SAS provides us with a good definition of “predictive analytics”, so that we don’t have to reinvent the wheel. According to the expert, predictive analytics “is the use of data, statistical algorithms and machine learning techniques to identify the likelihood of future outcomes based on historical data. The goal is to go beyond knowing what has happened to providing a best assessment of what will happen in the future.”
To no surprise, many analytics experts believe that the time for the technology has finally come. “With interactive and easy-to-use software becoming more prevalent, predictive analytics is no longer just the domain of mathematicians and statisticians. Organizations worldwide are turning to predictive analytics to increase their bottom line and competitive advantage”, SAS affirms.

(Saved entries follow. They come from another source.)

(* Let $d\geq 2$ and let $\rho^s$ be a state on $H_d=\mathbb{C}^d$ of rank two whose diagonal (in the computational basis) is supported on two indices, i.e. there are $k\neq l$ with $\rho^s_{kk}>0$, $\rho^s_{ll}>0$ and $\rho^s_{kk}+\rho^s_{ll}=1$. Then there exists an incoherent operation $\Lambda$ on $H_d\otimes H_d$ such that $\Lambda(\rho^s\otimes|0\rangle\langle 0|)$ is Bell-nonlocal if and only if $\rho^s$ is coherent.
   Context: Coherence is taken with respect to the computational basis of $H_d$ and the product computational basis of $H_d\otimes H_d$. A state is incoherent if it is diagonal in this basis, and coherent otherwise. An incoherent operation is a completely positive trace-preserving map $\Lambda(\rho)=\sum_j K_j\rho K_j^\dagger$ with $K_j\mathcal{I}K_j^\dagger\subseteq\mathcal{I}$ for all $j$, where $\mathcal{I}$ is the set of incoherent states. A state is Bell-nonlocal if it violates some Bell inequality, i.e. it does not admit a local hidden variable model. *)

theory Defs
  imports "Jordan_Normal_Form.DL_Rank" "Jordan_Normal_Form.Schur_Decomposition"
begin

text \<open>Basis index i of H_d is the computational basis vector; in H_dA (x) H_dB the
  product basis vector |i> (x) |j> has index i * dB + j.\<close>

definition mtrace :: "complex mat \<Rightarrow> complex" where
  "mtrace A = (\<Sum>i<dim_row A. A $$ (i,i))"

definition quad_form :: "nat \<Rightarrow> complex mat \<Rightarrow> complex vec \<Rightarrow> complex" where
  "quad_form n A v = (\<Sum>i<n. \<Sum>j<n. cnj (v $ i) * A $$ (i,j) * v $ j)"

Some of the most common uses SAS identified include:
- Improving operations. Many companies use predictive models to forecast inventory and manage resources: For instance, airlines use predictive analytics to set ticket prices or hotels try to predict the number of guests for any given night to maximize occupancy and increase revenue. In a nutshell, predictive analytics enables organizations to function more efficiently.
- Optimizing marketing campaigns. Predictive analytics are used to determine customer responses or purchases, as well as promote cross-sell opportunities. Predictive models help businesses attract, retain and grow their most profitable customers.

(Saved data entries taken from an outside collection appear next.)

(* Let $\mu,\nu$ be Borel probability measures on $\mathbb{R}^d$ such that: (a) there is a bounded connected open Lipschitz domain $\Omega\subset B(0,1)$ with $\mu(dx)=\rho_\mu(x)\mathbf 1_\Omega(x)dx$ and $0<\underline\lambda_\mu\le\rho_\mu\le\overline\lambda_\mu<\infty$ a.e. on $\Omega$; (b) $\nu\ll\mathrm{Leb}$, $\operatorname{spt}\nu\subseteq B(0,1)$, $d\nu/dy\le\overline\lambda_\nu<\infty$ on $\operatorname{spt}\nu$; (c) the Monge map $T=\nabla\varphi$ is $L$-Lipschitz. Let $C_{\mathrm{val}}$ be a constant with $C_{\mathrm{val}}^{-1}\varepsilon^{2/(2+d)}\le\Delta_\varepsilon\le C_{\mathrm{val}}\varepsilon^{2/(2+d)}$ for all $\varepsilon\in(0,1]$. Then for every $t>0$ and $\varepsilon\in(0,1]$, $$\pi_\varepsilon\big(\{(x,y):\|y-T(x)\|\ge t\}\big)\le\frac{2LC_{\mathrm{val}}}{t^2}\varepsilon^{\frac{2}{d+2}}.$$ Equivalently, for every $\eta\in(0,1)$, $$\pi_\varepsilon\Big(\big\{(x,y):\|y-T(x)\|\le\sqrt{2LC_{\mathrm{val}}}\,\eta^{-1/2}\varepsilon^{\frac1{d+2}}\big\}\Big)\ge1-\eta.$$
   Context: Cost $c(x,y)=\frac12\|x-y\|^2$, $P=\mu\otimes\nu$, $\mathrm{OT}(\mu,\nu)=\inf_{\pi\in\Pi(\mu,\nu)}\int c\,d\pi$; $T=\nabla\varphi$ ($\varphi$ convex) is the Brenier optimal map with $T_\#\mu=\nu$. For $\varepsilon>0$, $\mathrm{QOT}_\varepsilon(\mu,\nu)=\inf_{\pi\in\Pi(\mu,\nu),\pi\ll P}\{\int c\,d\pi+\frac\varepsilon2\|\frac{d\pi}{dP}\|^2_{L^2(P)}\}$, $\pi_\varepsilon$ its unique optimizer, $\Delta_\varepsilon=\mathrm{QOT}_\varepsilon(\mu,\nu)-\mathrm{OT}(\mu,\nu)$. *)

theory Defs
  imports "HOL-Probability.Probability"
begin

definition qcost :: "'a::euclidean_space \<Rightarrow> 'a \<Rightarrow> real" where
  "qcost x y = (1/2) * (norm (x - y))\<^sup>2"

definition couplings :: "'a measure \<Rightarrow> 'b measure \<Rightarrow> ('a \<times> 'b) measure set" where
  "couplings \<mu> \<nu> = {\<pi>. sets \<pi> = sets (\<mu> \<Otimes>\<^sub>M \<nu>) \<and> distr \<pi> \<mu> fst = \<mu> \<and> distr \<pi> \<nu> snd = \<nu>}"

definition OT :: "'a::euclidean_space measure \<Rightarrow> 'a measure \<Rightarrow> ennreal" where
  "OT \<mu> \<nu> = (INF \<pi>\<in>couplings \<mu> \<nu>. \<integral>\<^sup>+ z. ennreal (qcost (fst z) (snd z)) \<partial>\<pi>)"

definition qot_obj :: "real \<Rightarrow> 'a::euclidean_space measure \<Rightarrow> 'a measure \<Rightarrow> ('a \<times> 'a) measure \<Rightarrow> ennreal" where
  "qot_obj \<epsilon> \<mu> \<nu> \<pi> =
     (\<integral>\<^sup>+ z. ennreal (qcost (fst z) (snd z)) \<partial>\<pi>)
     + ennreal (\<epsilon> / 2) * (\<integral>\<^sup>+ z. (RN_deriv (\<mu> \<Otimes>\<^sub>M \<nu>) \<pi> z)\<^sup>2 \<partial>(\<mu> \<Otimes>\<^sub>M \<nu>))"

definition qot_admissible :: "'a::euclidean_space measure \<Rightarrow> 'a measure \<Rightarrow> ('a \<times> 'a) measure set" where
  "qot_admissible \<mu> \<nu> = {\<pi> \<in> couplings \<mu> \<nu>. absolutely_continuous (\<mu> \<Otimes>\<^sub>M \<nu>) \<pi>}"

definition QOT :: "real \<Rightarrow> 'a::euclidean_space measure \<Rightarrow> 'a measure \<Rightarrow> ennreal" where
  "QOT \<epsilon> \<mu> \<nu> = (INF \<pi>\<in>qot_admissible \<mu> \<nu>. qot_obj \<epsilon> \<mu> \<nu> \<pi>)"

definition is_qot_optimizer :: "real \<Rightarrow> 'a::euclidean_space measure \<Rightarrow> 'a measure \<Rightarrow> ('a \<times> 'a) measure \<Rightarrow> bool" where
  "is_qot_optimizer \<epsilon> \<mu> \<nu> \<pi> \<longleftrightarrow> \<pi> \<in> qot_admissible \<mu> \<nu> \<and> qot_obj \<epsilon> \<mu> \<nu> \<pi> = QOT \<epsilon> \<mu> \<nu>"

text \<open>Delta_eps = QOT_eps - OT (both finite under the standing assumptions).\<close>
definition Delta :: "real \<Rightarrow> 'a::euclidean_space measure \<Rightarrow> 'a measure \<Rightarrow> real" where
  "Delta \<epsilon> \<mu> \<nu> = enn2real (QOT \<epsilon> \<mu> \<nu>) - enn2real (OT \<mu> \<nu>)"

definition spt :: "'a::metric_space measure \<Rightarrow> 'a set" where
  "spt M = {x. \<forall>r>0. emeasure M (ball x r) > 0}"

definition lipschitz_domain :: "'a::euclidean_space set \<Rightarrow> bool" where
  "lipschitz_domain \<Omega> \<longleftrightarrow>
    (\<forall>p\<in>frontier \<Omega>. \<exists>r>0. \<exists>e g M. norm e = 1 \<and> M-lipschitz_on {v. v \<bullet> e = 0} g \<and>
        \<Omega> \<inter> ball p r = {x \<in> ball p r. x \<bullet> e < g (x - (x \<bullet> e) *\<^sub>R e)})"

end

theory Submission
  imports Defs
begin

(* Since T = grad phi is L-Lipschitz, phi obeys the descent inequality
   phi (x + v) <= phi x + T x . v + L/2 |v|^2, which makes the conjugate psi of phi
   strongly convex in the form  x . y - phi x + |y - T x|^2 / (2L) <= psi y,  with equality
   psi (T x) = x . T x - phi x.  Rewritten with the cost and u = psi - |.|^2/2 this reads
   c(x, y) + u y - c(x, T x) - u (T x) >= |y - T x|^2 / (2L).  Integrating against a coupling pi
   of mu and nu, the u-terms cancel because pi and the graph coupling (id, T)_# mu share the second
   marginal nu; hence  int |y - T x|^2 dpi <= 2L (int c dpi - int c(x, T x) dmu).  For the
   optimizer pi_eps the right-hand side is at most 2L (QOT_eps - OT) = 2L Delta_eps
   <= 2LC eps^(2/(d+2)), and Chebyshev's inequality gives both bounds. *)

lemma has_real_derivative_along_line:
  fixes \<phi> :: "'a::real_inner \<Rightarrow> real"
  assumes "(\<phi> has_derivative (\<lambda>h. D \<bullet> h)) (at (x + s *\<^sub>R v))"
  shows "((\<lambda>s. \<phi> (x + s *\<^sub>R v)) has_real_derivative (D \<bullet> v)) (at s)"
proof -
  have "((\<lambda>s. x + s *\<^sub>R v) has_derivative (\<lambda>h. h *\<^sub>R v)) (at s)"
    by (auto intro!: derivative_eq_intros)
  from has_derivative_compose[OF this assms]
  have "((\<lambda>s. \<phi> (x + s *\<^sub>R v)) has_derivative (\<lambda>h. D \<bullet> (h *\<^sub>R v))) (at s)" .
  moreover have "(\<lambda>h. D \<bullet> (h *\<^sub>R v)) = (*) (D \<bullet> v)"
    by auto
  ultimately show ?thesis
    by (simp add: has_field_derivative_def)
qed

- Detecting fraud. Combining multiple analytics methods can improve pattern detection and prevent criminal behavior. As cybersecurity becomes a growing concern, high-performance behavioral analytics examines all actions on a network in real time to spot abnormalities that may indicate fraud, zero-day vulnerabilities and advanced persistent threats.
- Reducing risk. Credit scores are used to assess a buyer’s likelihood of default for purchases and are a well-known example of predictive analytics. A credit score is a number generated by a predictive model that incorporates all data relevant to a person’s creditworthiness. Other risk-related uses include insurance claims and collections.
Finally, “businesses across a wide range of industries are beginning to realize what large financial institutions have known for years: Predictive analytics has the power to significantly improve the bottom line. From better targeting and risk assessment to streamlining operations and optimizing business decisions, predictive analytics can help any organization gain and maintain a competitive edge”, SAS concludes.